Background: What Makes Exasol Different

MPP, In-Memory, and Columnar Fundamentals

Exasol distributes data across nodes using a shared-nothing MPP architecture. Each node keeps compressed columnar segments in RAM (with a smart page cache) and coordinates via a high-speed interconnect. Query fragments are pushed down to the nodes holding the relevant partitions; intermediate results are exchanged through a distributed execution layer. This design delivers low-latency analytics under parallelism but also means that data skew, network congestion, or node-local resource contention translate directly into query variability.

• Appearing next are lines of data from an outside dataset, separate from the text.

(* Let $G$ be a compactly generated, totally disconnected, locally compact group with modular function $\Delta$, and let $\Gamma$ be a Cayley–Abels graph for $G$. For an arc $(\alpha,\beta)$ of $\Gamma$ put $\Delta_{(\alpha,\beta)} = |\beta G_\alpha| / |\alpha G_\beta|$, where $\beta G_\alpha$ denotes the orbit of $\beta$ under the stabilizer $G_\alpha$. If $g\in G$ and $(\alpha_0,\dots,\alpha_s)$ is an $s$-arc in $\Gamma$ with $\alpha_0 g=\alpha_s$, then $$\Delta(g)=\Delta_{(\alpha_0,\alpha_1)}\Delta_{(\alpha_1,\alpha_2)}\cdots\Delta_{(\alpha_{s-1},\alpha_s)}.$$ In particular, the image of $\Delta$ is the subgroup of the multiplicative group $\mathbb{Q}^{+}$ generated by the labels $\Delta_{(\alpha,\beta)}$ of the arcs of $\Gamma$.
   Context: Groups act on the right. A Cayley–Abels graph for a totally disconnected, locally compact group $G$ is a connected, locally finite simple graph with an action of $G$ by automorphisms that is vertex-transitive with compact open vertex stabilizers. The modular function $\Delta\colon G\to\mathbb{R}^{+}$ is defined via a right-invariant Haar measure $\mu$ by $\mu(gA)=\Delta(g)\mu(A)$ for measurable $A$; equivalently, for any compact open subgroup $U$, $\Delta(g)=|U:U\cap g^{-1}Ug|/|g^{-1}Ug:U\cap g^{-1}Ug|$. An arc is an ordered pair of adjacent vertices; an $s$-arc is a sequence $(\alpha_0,\dots,\alpha_s)$ of vertices with $\alpha_i,\alpha_{i+1}$ adjacent for all $i$ and $\alpha_{i-1}\ne\alpha_{i+1}$ for $1\le i\le s-1$. *)

theory Defs
  imports "HOL-Analysis.Abstract_Topological_Spaces" "HOL-Algebra.Generated_Groups" "HOL-Algebra.Coset"
begin

definition topological_group :: "('g, 'b) monoid_scheme \<Rightarrow> 'g topology \<Rightarrow> bool" where
  "topological_group G T \<longleftrightarrow> group G \<and> topspace T = carrier G
     \<and> continuous_map (prod_topology T T) T (\<lambda>(x, y). x \<otimes>\<^bsub>G\<^esub> y)
     \<and> continuous_map T T (\<lambda>x. inv\<^bsub>G\<^esub> x)"

definition totally_disconnected_space :: "'a topology \<Rightarrow> bool" where
  "totally_disconnected_space T \<longleftrightarrow> (\<forall>S. connectedin T S \<longrightarrow> (\<exists>a. S \<subseteq> {a}))"

definition tdlc_group :: "('g, 'b) monoid_scheme \<Rightarrow> 'g topology \<Rightarrow> bool" where
  "tdlc_group G T \<longleftrightarrow> topological_group G T \<and> totally_disconnected_space T
     \<and> locally_compact_space T"

definition compactly_generated :: "('g, 'b) monoid_scheme \<Rightarrow> 'g topology \<Rightarrow> bool" where
  "compactly_generated G T \<longleftrightarrow>
     (\<exists>K. K \<subseteq> carrier G \<and> compactin T K \<and> generate G K = carrier G)"

definition compact_open_subgroup :: "('g, 'b) monoid_scheme \<Rightarrow> 'g topology \<Rightarrow> 'g set \<Rightarrow> bool" where
  "compact_open_subgroup G T U \<longleftrightarrow> subgroup U G \<and> compactin T U \<and> openin T U"

definition sg_index :: "('g, 'b) monoid_scheme \<Rightarrow> 'g set \<Rightarrow> 'g set \<Rightarrow> nat" where
  "sg_index G U H = card ((\<lambda>u. H #>\<^bsub>G\<^esub> u) ` U)"

definition conj_set :: "('g, 'b) monoid_scheme \<Rightarrow> 'g \<Rightarrow> 'g set \<Rightarrow> 'g set" where
  "conj_set G g U = (\<lambda>u. inv\<^bsub>G\<^esub> g \<otimes>\<^bsub>G\<^esub> u \<otimes>\<^bsub>G\<^esub> g) ` U"

text \<open>Delta(g) = |U : U \<inter> g^-1 U g| / |g^-1 U g : U \<inter> g^-1 U g| for a (any) compact open
  subgroup U; here U is an arbitrary chosen one.\<close>
definition modular_fn :: "('g, 'b) monoid_scheme \<Rightarrow> 'g topology \<Rightarrow> 'g \<Rightarrow> real" where
  "modular_fn G T g =
     (let U = (SOME U. compact_open_subgroup G T U); W = conj_set G g U
      in real (sg_index G U (U \<inter> W)) / real (sg_index G W (U \<inter> W)))"

definition stabilizer :: "('g, 'b) monoid_scheme \<Rightarrow> ('v \<Rightarrow> 'g \<Rightarrow> 'v) \<Rightarrow> 'v \<Rightarrow> 'g set" where
  "stabilizer G act v = {g \<in> carrier G. act v g = v}"

definition orbit_under :: "('v \<Rightarrow> 'g \<Rightarrow> 'v) \<Rightarrow> 'v \<Rightarrow> 'g set \<Rightarrow> 'v set" where
  "orbit_under act v H = (\<lambda>h. act v h) ` H"

definition cayley_abels_graph ::
  "('g, 'b) monoid_scheme \<Rightarrow> 'g topology \<Rightarrow> 'v set \<Rightarrow> ('v \<Rightarrow> 'v \<Rightarrow> bool) \<Rightarrow> ('v \<Rightarrow> 'g \<Rightarrow> 'v) \<Rightarrow> bool" where
  "cayley_abels_graph G T V E act \<longleftrightarrow>
     V \<noteq> {}
     \<comment> \<open>simple graph on V\<close>
     \<and> (\<forall>u v. E u v \<longrightarrow> u \<in> V \<and> v \<in> V \<and> u \<noteq> v \<and> E v u)
     \<comment> \<open>connected\<close>
     \<and> (\<forall>u\<in>V. \<forall>v\<in>V. E\<^sup>*\<^sup>* u v)
     \<comment> \<open>locally finite\<close>
     \<and> (\<forall>v\<in>V. finite {w. E v w})
     \<comment> \<open>right action of G on V by automorphisms\<close>
     \<and> (\<forall>v\<in>V. \<forall>g\<in>carrier G. act v g \<in> V)
     \<and> (\<forall>v\<in>V. act v \<one>\<^bsub>G\<^esub> = v)
     \<and> (\<forall>v\<in>V. \<forall>g\<in>carrier G. \<forall>h\<in>carrier G. act (act v g) h = act v (g \<otimes>\<^bsub>G\<^esub> h))
     \<and> (\<forall>u\<in>V. \<forall>v\<in>V. \<forall>g\<in>carrier G. E u v \<longleftrightarrow> E (act u g) (act v g))
     \<comment> \<open>vertex-transitive\<close>
     \<and> (\<forall>u\<in>V. \<forall>v\<in>V. \<exists>g\<in>carrier G. act u g = v)
     \<comment> \<open>compact open vertex stabilizers\<close>
     \<and> (\<forall>v\<in>V. compactin T (stabilizer G act v) \<and> openin T (stabilizer G act v))"

definition arc_label :: "('g, 'b) monoid_scheme \<Rightarrow> ('v \<Rightarrow> 'g \<Rightarrow> 'v) \<Rightarrow> 'v \<Rightarrow> 'v \<Rightarrow> real" where
  "arc_label G act a b =
     real (card (orbit_under act b (stabilizer G act a)))
     / real (card (orbit_under act a (stabilizer G act b)))"

definition s_arc :: "'v set \<Rightarrow> ('v \<Rightarrow> 'v \<Rightarrow> bool) \<Rightarrow> nat \<Rightarrow> (nat \<Rightarrow> 'v) \<Rightarrow> bool" where
  "s_arc V E s a \<longleftrightarrow> (\<forall>i\<le>s. a i \<in> V) \<and> (\<forall>i<s. E (a i) (a (Suc i)))
     \<and> (\<forall>i. 0 < i \<and> i < s \<longrightarrow> a (i - 1) \<noteq> a (Suc i))"

inductive_set mult_generated :: "real set \<Rightarrow> real set" for S where
  one: "1 \<in> mult_generated S"
| mul: "x \<in> mult_generated S \<Longrightarrow> s \<in> S \<Longrightarrow> x * s \<in> mult_generated S"
| dvd: "x \<in> mult_generated S \<Longrightarrow> s \<in> S \<Longrightarrow> x / s \<in> mult_generated S"

end

theory Submission
  imports Defs
begin

text \<open>For compact open subgroups \<open>A\<close>, \<open>B\<close> put \<open>r(A, B) = |A : A \<inter> B| / |B : A \<inter> B|\<close>.
  Computing all indices relative to \<open>A \<inter> B \<inter> C\<close> (the Lagrange tower law) shows
  \<open>r(A, B) r(B, C) = r(A, C)\<close>; together with \<open>r(A, A) = 1\<close> and invariance under conjugation this
  makes \<open>\<Delta>(g) = r(U, g\<^sup>-\<^sup>1 U g)\<close> independent of \<open>U\<close>, and multiplicative.
  Taking \<open>U = G\<^sub>\<alpha>\<close>, so that \<open>g\<^sup>-\<^sup>1 U g = G\<^bsub>\<alpha> g\<^esub>\<close>, orbit--stabilizer identifies
  \<open>r(G\<^sub>\<alpha>, G\<^sub>\<beta>)\<close> with the label \<open>\<Delta>\<^bsub>(\<alpha>,\<beta>)\<^esub>\<close>, and the cocycle identity telescopes along any walk
  from \<open>\<alpha>\<close> to \<open>\<alpha> g\<close>. Conversely every label is a value of \<open>\<Delta>\<close> by vertex transitivity, so the
  image of \<open>\<Delta>\<close> is the group generated by the labels.\<close>

section \<open>Indices and conjugates of subgroups\<close>

lemma card_image_eq_if_same_fibres:
  assumes "\<And>x y. x \<in> X \<Longrightarrow> y \<in> X \<Longrightarrow> f x = f y \<longleftrightarrow> g x = g y"
  shows "card (f ` X) = card (g ` X)"
proof (rule bij_betw_same_card)
  let ?h = "\<lambda>c. g (inv_into X f c)"
  have h_f: "?h (f x) = g x" if "x \<in> X" for x
  proof -
    from that have "f x \<in> f ` X" by (rule imageI)
    from assms[OF inv_into_into[OF this] that] f_inv_into_f[OF this] show ?thesis by simp
  qed
  show "bij_betw ?h (f ` X) (g ` X)"
  proof (rule bij_betw_imageI)
    show "inj_on ?h (f ` X)"
    proof (rule inj_onI)
      fix c c' assume "c \<in> f ` X" "c' \<in> f ` X" and eq: "?h c = ?h c'"
      then obtain x y where "x \<in> X" "y \<in> X" "c = f x" "c' = f y" by blast
      with eq show "c = c'" using h_f assms by simp
    qed
    show "?h ` f ` X = g ` X"
      by (simp add: image_image h_f cong: image_cong)
  qed
qed

lemma finite_image_if_coarser:
  assumes "\<And>x y. x \<in> X \<Longrightarrow> y \<in> X \<Longrightarrow> f x = f y \<Longrightarrow> g x = g y" and "finite (f ` X)"
  shows "finite (g ` X)"
proof -
  have "g (inv_into X f (f x)) = g x" if "x \<in> X" for x
  proof -
    from that have "f x \<in> f ` X" by (rule imageI)
    from assms(1)[OF inv_into_into[OF this] that f_inv_into_f[OF this]] show ?thesis .
  qed
  then have "g ` X = (\<lambda>c. g (inv_into X f c)) ` f ` X"
    by (simp add: image_image cong: image_cong)
  then show ?thesis using assms(2) by simp
qed

context group
begin

lemma mult_inv_cancel_left [simp]:
  "x \<in> carrier G \<Longrightarrow> y \<in> carrier G \<Longrightarrow> x \<otimes> (inv x \<otimes> y) = y"
  "x \<in> carrier G \<Longrightarrow> y \<in> carrier G \<Longrightarrow> inv x \<otimes> (x \<otimes> y) = y"
  by (simp_all add: m_assoc[symmetric])

lemma rcos_eq_iff:
  assumes "subgroup H G" "x \<in> carrier G" "y \<in> carrier G"
  shows "H #> x = H #> y \<longleftrightarrow> x \<otimes> inv y \<in> H"
  using assms repr_independence rcos_self subgroup.rcos_module[OF assms(1) is_group]
  by metis

lemma sg_index_self:
  assumes "subgroup H G"
  shows "sg_index G H H = 1"
proof -
  have "(\<lambda>u. H #> u) ` H = (\<lambda>_. H) ` H"
    using coset_join2[OF subgroup.mem_carrier[OF assms] assms] by (simp cong: image_cong)
  also have "\<dots> = {H}" using image_constant[OF subgroup.one_closed[OF assms]] .
  finally show ?thesis unfolding sg_index_def by simp
qed
lemma prox_objective_min_gradient:
  fixes f :: "'a::real_inner \<Rightarrow> real"
  assumes der: "(f has_derivative (\<lambda>h. inner g h)) (at x)"
    and min: "\<And>u. f x + norm (x - z)^2 / (2*t) \<le> f u + norm (u - z)^2 / (2*t)"
    and t: "t \<noteq> 0"
  shows "g = (1/t) *\<^sub>R (z - x)"
proof -
  define w where "w = g + (1/t) *\<^sub>R (x - z)"
  have "((\<lambda>u. f u + inner (u - z) (u - z) / (2*t)) has_derivative
      (\<lambda>v. inner g v + (inner v (x - z) + inner (x - z) v) / (2*t))) (at x)"
    using der t by (intro derivative_eq_intros) auto
  moreover have "(\<lambda>v. inner g v + (inner v (x - z) + inner (x - z) v) / (2*t)) = (\<lambda>v. inner w v)"
    using t by (simp add: fun_eq_iff w_def inner_add_right inner_commute)
  ultimately have "((\<lambda>u. f u + inner (u - z) (u - z) / (2*t)) has_derivative (\<lambda>v. inner w v)) (at x)"
    by simp
  then have "(\<lambda>v. inner w v) = (\<lambda>v. 0)"
    by (rule has_derivative_local_min) (use min in \<open>auto simp: power2_norm_eq_inner\<close>)
  then have "w = 0"
    by (metis inner_eq_zero_iff)
  then show ?thesis
    unfolding w_def by (simp add: algebra_simps eq_neg_iff_add_eq_0[symmetric])
qed

lemma prox_three_point:
  fixes f :: "'a::real_inner \<Rightarrow> real"
  assumes cvx: "convex_on UNIV f"
    and der: "(f has_derivative (\<lambda>h. inner g h)) (at y)"
    and stationary: "g = (1/t) *\<^sub>R (z - y)" and t: "t > 0"
  shows "f y + norm (y - z)^2 / (2*t) + norm (u - y)^2 / (2*t) \<le> f u + norm (u - z)^2 / (2*t)"
proof -
  have "f y + inner (z - y) (u - y) / t \<le> f u"
    using convex_on_gradient_inequality[OF cvx der, of u] stationary by simp
  moreover have "norm (u - z)^2 + 2 * inner (z - y) (u - y) = norm (u - y)^2 + norm (y - z)^2"
    by (simp add: power2_norm_eq_inner inner_diff_left inner_diff_right inner_commute)
  then have "norm (u - y)^2 / (2*t) + norm (y - z)^2 / (2*t)
      = norm (u - z)^2 / (2*t) + inner (z - y) (u - y) / t"
    using t by (simp add: field_simps)
  ultimately show ?thesis
    by linarith
qed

Where Day-to-Day Troubleshooting Becomes Tricky

Elastic changes: Node additions, removals, or replacements can leave the system partially rebalanced if maintenance windows end early.
UDF isolation: Scripting UDFs (Python/R/Java) execute in containerized sandboxes; misaligned OS libraries, memory caps, or file descriptor limits create opaque errors.
Authentication at scale: Kerberos/LDAP/AD nuances—clock drift, referral chasing, nested groups—cause intermittent login failures hard to reproduce.
Storage pressure: A few wide joins or accidental Cartesian products trigger aggressive spilling, changing the performance profile overnight.

Architecture: Components That Influence Troubleshooting

Cluster Topology and Data Distribution

Tables are either distributed by a hash of the distribution key or replicated (for small dimension tables). Hash distribution drives local join efficiency; picking a poor key yields skew and cross-node traffic. System metadata records partition ownership per node and influences the planner's fragment placement.

Buffer Cache, Temp Space, and Spill Paths

Exasol's smart page cache keeps hot columnar chunks in RAM. When operators exceed memory grants, the engine spills to temp volumes. Incorrect tempfs sizing, shared underlying storage with other services, or noisy neighbors on virtualized disks can turn a rare spill into a systemic slowdown.

Execution, Exchange, and Network MTU

Distributed plans rely on high-throughput node-to-node exchange. Path MTU mismatches, jumbo frame asymmetry, or misconfigured NIC offloads increase fragmentation and CPU per byte transferred. These issues arise especially after switch replacement or mixed 25/40/100 GbE fabrics.

UDF Runtime Sandboxes

UDFs run in separate containers or processes with configurable memory/CPU quotas. The orchestration decides placement on a node, mounts temporary directories, and exposes connector libraries. ABI or Python wheel incompatibilities surface only under specific data shapes or larger batches.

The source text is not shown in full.